Give again, word for word, every line below from the one that has "text \<open>The semigroup" through the one that has "real \<Rightarrow> 'a", both included, and no others.

[Dataset entries]
-------------------------

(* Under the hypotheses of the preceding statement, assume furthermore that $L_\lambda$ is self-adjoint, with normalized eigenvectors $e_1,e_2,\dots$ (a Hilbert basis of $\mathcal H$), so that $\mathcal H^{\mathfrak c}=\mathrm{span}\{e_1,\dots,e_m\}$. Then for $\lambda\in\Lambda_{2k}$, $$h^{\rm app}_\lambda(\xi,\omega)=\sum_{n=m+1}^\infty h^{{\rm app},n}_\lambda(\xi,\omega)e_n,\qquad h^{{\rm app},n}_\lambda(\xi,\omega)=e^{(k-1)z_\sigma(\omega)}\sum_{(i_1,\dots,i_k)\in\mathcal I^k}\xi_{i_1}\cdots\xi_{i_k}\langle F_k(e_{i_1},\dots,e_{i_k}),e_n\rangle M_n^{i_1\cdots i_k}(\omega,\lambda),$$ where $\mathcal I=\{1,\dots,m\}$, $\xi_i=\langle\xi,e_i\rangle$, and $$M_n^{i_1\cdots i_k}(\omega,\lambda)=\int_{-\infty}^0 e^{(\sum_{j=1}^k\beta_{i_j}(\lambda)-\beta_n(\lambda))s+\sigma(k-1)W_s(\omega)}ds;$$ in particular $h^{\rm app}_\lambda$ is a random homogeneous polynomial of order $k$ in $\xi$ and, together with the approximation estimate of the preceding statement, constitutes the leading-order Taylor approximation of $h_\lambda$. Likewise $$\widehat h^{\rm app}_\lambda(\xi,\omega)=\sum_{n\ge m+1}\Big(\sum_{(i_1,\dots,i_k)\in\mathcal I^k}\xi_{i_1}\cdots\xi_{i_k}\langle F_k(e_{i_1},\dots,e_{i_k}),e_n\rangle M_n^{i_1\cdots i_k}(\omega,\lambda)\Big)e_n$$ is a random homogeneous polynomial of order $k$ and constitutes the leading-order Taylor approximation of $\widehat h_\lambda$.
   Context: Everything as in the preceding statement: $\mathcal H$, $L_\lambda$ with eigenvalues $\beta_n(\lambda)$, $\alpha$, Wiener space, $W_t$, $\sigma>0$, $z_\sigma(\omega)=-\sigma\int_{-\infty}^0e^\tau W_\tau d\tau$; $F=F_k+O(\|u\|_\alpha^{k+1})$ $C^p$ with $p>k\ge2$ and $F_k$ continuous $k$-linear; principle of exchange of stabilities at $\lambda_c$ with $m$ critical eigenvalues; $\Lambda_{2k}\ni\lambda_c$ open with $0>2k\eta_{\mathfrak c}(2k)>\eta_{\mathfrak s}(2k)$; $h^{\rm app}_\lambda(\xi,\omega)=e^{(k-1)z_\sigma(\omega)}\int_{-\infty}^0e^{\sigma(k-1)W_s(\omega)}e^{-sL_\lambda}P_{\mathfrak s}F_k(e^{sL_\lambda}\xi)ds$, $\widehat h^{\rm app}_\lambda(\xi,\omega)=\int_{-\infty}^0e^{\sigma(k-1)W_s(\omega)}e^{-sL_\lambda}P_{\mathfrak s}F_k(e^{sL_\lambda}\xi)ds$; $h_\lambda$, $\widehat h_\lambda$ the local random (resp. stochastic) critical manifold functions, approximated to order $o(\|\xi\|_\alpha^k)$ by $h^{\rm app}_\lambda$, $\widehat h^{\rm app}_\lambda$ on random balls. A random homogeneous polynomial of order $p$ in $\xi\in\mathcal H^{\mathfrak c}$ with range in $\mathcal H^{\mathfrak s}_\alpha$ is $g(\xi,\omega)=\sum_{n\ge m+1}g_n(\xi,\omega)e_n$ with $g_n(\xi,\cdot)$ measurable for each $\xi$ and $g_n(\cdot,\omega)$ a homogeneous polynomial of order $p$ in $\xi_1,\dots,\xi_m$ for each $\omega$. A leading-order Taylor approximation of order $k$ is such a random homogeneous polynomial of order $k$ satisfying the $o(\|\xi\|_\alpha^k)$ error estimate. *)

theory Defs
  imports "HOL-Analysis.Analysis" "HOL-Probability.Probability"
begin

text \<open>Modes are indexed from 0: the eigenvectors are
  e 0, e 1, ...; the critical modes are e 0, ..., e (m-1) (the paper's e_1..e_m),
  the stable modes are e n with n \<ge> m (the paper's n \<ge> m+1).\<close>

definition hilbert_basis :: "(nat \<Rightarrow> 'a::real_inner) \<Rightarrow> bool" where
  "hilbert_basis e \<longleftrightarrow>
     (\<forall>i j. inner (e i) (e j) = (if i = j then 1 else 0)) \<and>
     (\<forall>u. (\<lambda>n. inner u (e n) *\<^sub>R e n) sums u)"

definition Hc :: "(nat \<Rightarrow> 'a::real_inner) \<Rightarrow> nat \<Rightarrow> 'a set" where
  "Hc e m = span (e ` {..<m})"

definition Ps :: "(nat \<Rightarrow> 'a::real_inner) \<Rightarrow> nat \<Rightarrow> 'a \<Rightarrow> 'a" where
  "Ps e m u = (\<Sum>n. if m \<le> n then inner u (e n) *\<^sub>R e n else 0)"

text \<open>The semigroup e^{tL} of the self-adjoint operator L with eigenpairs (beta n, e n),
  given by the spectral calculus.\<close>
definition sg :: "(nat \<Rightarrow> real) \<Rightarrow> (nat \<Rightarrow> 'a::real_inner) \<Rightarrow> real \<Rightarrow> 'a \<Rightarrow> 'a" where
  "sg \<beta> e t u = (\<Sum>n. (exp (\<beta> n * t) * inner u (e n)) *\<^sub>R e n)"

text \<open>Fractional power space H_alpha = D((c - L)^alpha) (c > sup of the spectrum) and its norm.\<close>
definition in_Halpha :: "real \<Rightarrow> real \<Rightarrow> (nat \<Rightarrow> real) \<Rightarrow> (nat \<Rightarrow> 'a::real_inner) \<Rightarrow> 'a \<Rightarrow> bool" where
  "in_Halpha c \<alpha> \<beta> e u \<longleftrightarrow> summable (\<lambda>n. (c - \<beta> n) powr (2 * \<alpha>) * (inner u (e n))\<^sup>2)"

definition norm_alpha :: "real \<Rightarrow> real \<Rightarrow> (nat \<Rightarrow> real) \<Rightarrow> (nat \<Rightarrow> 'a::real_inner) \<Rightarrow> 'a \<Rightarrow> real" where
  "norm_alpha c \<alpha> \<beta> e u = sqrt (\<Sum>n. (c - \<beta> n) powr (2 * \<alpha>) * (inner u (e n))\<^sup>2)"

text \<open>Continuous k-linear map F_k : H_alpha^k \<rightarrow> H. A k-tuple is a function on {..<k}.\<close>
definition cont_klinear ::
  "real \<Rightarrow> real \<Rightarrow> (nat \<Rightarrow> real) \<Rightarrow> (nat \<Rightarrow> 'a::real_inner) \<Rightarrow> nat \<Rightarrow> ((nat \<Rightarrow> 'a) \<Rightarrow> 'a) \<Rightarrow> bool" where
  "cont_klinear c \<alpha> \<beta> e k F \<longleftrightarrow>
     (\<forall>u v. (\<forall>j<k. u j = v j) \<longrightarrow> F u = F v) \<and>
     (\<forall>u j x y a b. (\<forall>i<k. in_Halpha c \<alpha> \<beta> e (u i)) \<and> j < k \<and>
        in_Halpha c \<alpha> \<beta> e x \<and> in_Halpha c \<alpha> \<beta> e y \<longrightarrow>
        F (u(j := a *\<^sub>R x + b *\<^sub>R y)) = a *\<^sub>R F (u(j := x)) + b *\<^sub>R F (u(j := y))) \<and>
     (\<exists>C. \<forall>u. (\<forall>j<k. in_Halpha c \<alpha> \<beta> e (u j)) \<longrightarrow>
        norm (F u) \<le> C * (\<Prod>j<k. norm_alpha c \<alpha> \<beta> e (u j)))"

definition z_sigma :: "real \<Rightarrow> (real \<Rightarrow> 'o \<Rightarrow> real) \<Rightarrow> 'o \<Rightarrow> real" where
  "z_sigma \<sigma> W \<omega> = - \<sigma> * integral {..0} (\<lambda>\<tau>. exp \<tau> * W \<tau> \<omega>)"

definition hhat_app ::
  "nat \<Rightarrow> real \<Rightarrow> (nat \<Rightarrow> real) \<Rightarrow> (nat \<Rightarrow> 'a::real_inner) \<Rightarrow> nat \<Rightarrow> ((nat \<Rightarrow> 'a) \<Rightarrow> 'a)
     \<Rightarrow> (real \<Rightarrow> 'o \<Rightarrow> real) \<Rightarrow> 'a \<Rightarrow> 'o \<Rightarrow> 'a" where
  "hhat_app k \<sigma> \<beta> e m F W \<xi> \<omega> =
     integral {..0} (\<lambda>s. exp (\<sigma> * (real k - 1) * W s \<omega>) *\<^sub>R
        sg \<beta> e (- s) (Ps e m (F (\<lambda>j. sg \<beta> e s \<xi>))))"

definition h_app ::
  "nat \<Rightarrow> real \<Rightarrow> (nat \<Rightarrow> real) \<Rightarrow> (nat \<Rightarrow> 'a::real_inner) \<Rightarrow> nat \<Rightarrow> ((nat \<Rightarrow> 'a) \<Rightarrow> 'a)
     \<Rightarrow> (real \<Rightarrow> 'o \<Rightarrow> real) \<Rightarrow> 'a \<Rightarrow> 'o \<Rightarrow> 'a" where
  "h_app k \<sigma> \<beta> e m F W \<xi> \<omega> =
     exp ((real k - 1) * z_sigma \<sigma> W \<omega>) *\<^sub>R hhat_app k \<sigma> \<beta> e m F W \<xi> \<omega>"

-------------------------

> [Solution to this exercise]:
text \<open>The semigroup e^{tL} of the self-adjoint operator L with eigenpairs (beta n, e n),
  given by the spectral calculus.\<close>
definition sg :: "(nat \<Rightarrow> real) \<Rightarrow> (nat \<Rightarrow> 'a::real_inner) \<Rightarrow> real \<Rightarrow> 'a \<Rightarrow> 'a" where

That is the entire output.